Students conducting research in upper-level courses are developing familiarity with the conventions and shape of the conversation within the discipline. They should also become familiar with specialized sources used within the discipline. Our assessment plan (pdf) outlines goals for all students; students in upper level courses will be able to identify key research tools, locate high quality sources, articulate salient elements of research within their discipline, and use sources effectively as they enter the scholarly conversation.
Students are fully capable of developing a sense of how scholarly research is reported and how to construct a good research project. However, undergraduates must spend far more time than experts in gaining enough background knowledge to find a focus for a research project. They also have understandable difficulty assessing the value of different sources, not being familiar with the prominent scholars in the field and its major publications. It's a good idea to scaffod assignments with multiple check points.

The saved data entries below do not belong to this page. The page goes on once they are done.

lemma angular_values_conj_zero_iff:
  fixes A Qs :: "nat \<Rightarrow> real^'n^'n"
  assumes A: "\<forall>n. invertible (A n)" and Q: "\<forall>n. invertible (Qs n)"
    and s: "1 \<le> s" "s \<le> CARD('n)" and "0 \<le> C"
    and comparable: "\<forall>\<epsilon>>0. \<forall>\<^sub>F j in sequentially. \<forall>X\<in>Grassmannian s. \<forall>Y\<in>Grassmannian s.
      sub_angle (mimage (Qs j) X) (mimage (Qs (Suc j)) Y) \<le> C * sub_angle X Y + \<epsilon> \<and>
      sub_angle X Y \<le> C * sub_angle (mimage (Qs j) X) (mimage (Qs (Suc j)) Y) + \<epsilon>"
  shows "(theta_sup_limsup s A = 0 \<longleftrightarrow> theta_sup_limsup s (\<lambda>n. Qs (Suc n) ** A n ** matrix_inv (Qs n)) = 0) \<and>
    (theta_sup_liminf s A = 0 \<longleftrightarrow> theta_sup_liminf s (\<lambda>n. Qs (Suc n) ** A n ** matrix_inv (Qs n)) = 0) \<and>
    (theta_limsup_sup s A = 0 \<longleftrightarrow> theta_limsup_sup s (\<lambda>n. Qs (Suc n) ** A n ** matrix_inv (Qs n)) = 0) \<and>
    (theta_liminf_sup s A = 0 \<longleftrightarrow> theta_liminf_sup s (\<lambda>n. Qs (Suc n) ** A n ** matrix_inv (Qs n)) = 0)"
proof -
  have "\<forall>n. invertible (Qs (Suc n) ** A n ** matrix_inv (Qs n))"
    using A Q by (simp add: invertible_mult invertible_matrix_inv)
  note nonneg = angular_values_nonneg[OF A s] angular_values_nonneg[OF this s]
  note le = angular_values_conj_le_scaled[OF A Q s(1) \<open>0 \<le> C\<close> comparable]
  show ?thesis
    using ereal_eq_0_iff_if_mutually_bounded[OF nonneg(1) nonneg(5) le(5) le(1)]
      ereal_eq_0_iff_if_mutually_bounded[OF nonneg(2) nonneg(6) le(6) le(2)]
      ereal_eq_0_iff_if_mutually_bounded[OF nonneg(3) nonneg(7) le(7) le(3)]
      ereal_eq_0_iff_if_mutually_bounded[OF nonneg(4) nonneg(8) le(8) le(4)]
    by blast
qed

Don't assume students learned how to use the library in the FTS. What they learned was limited, may have been forgotten, or may not take into account recent changes in the library.
Students tell us they learn by doing and they learn from the models provided by their professors. The most important predictor of students' success in finding, reading, and using sources is the number of times they engage in those activities. The librarians are happy to discuss assignments you are designing.
In addition to struggling to varying degrees with the issues they faced as first year students, students beyond the first year engage in several common research behaviors. They tend to do the following things.
Another great option is to advise your students to take NDL 301: Information Fluency. The course is designed as an overall introduction to information sources and a chance for students to explore the structure of the literature in their chosen field.
One of the problems students have with scholarly forms of documentation is that they rarely understand its rhetorical power. They think of documentation defensively, to prevent being charged with theft - as opposed to thinking of sources as expert witnesses brought in to lend support to an argument. One approach to avoid plagiarism is to create plagiarism-proof assignments. Another is to engage students in using references in their research. The practice will make more sense once they've learned to read other's references as an effective research strategy.
Students have little experience reading or writing documented prose. They often view documentation as a meaningless chore and don't recognize its rhetorical power. On top of that, some students take shortcuts that are simply not acceptable. Be sure to encourage your students to use the excellent assitance provided at our Writing Center; they may also ask for help citing sources at the reference desk, where we keep copies of the major style manuals.
1. Emphasize process by building a sequence of assignments
Helps unpack the research process into a series of steps; provides scaffolding for organization and time management; shows work in progress rather than simply a finished product; helps students focus on research as process not product; helps you intervene earlier when a student has problems.
Logistically challenging in terms of processing the paperwork that results, may require more time than you have available.
2. Emphasize originality by asking students to do something they can't get "off the shelf"
Gives students a sense of owning their work that they don't get when the paper is based entirely on interpreting other people's work.
Can be time-consuming to develop and test assignments to be disaster-proof. Also prevents wholesale copying of a text, but doesn't address problems of inappropriate paraphrase or failure to cite a source.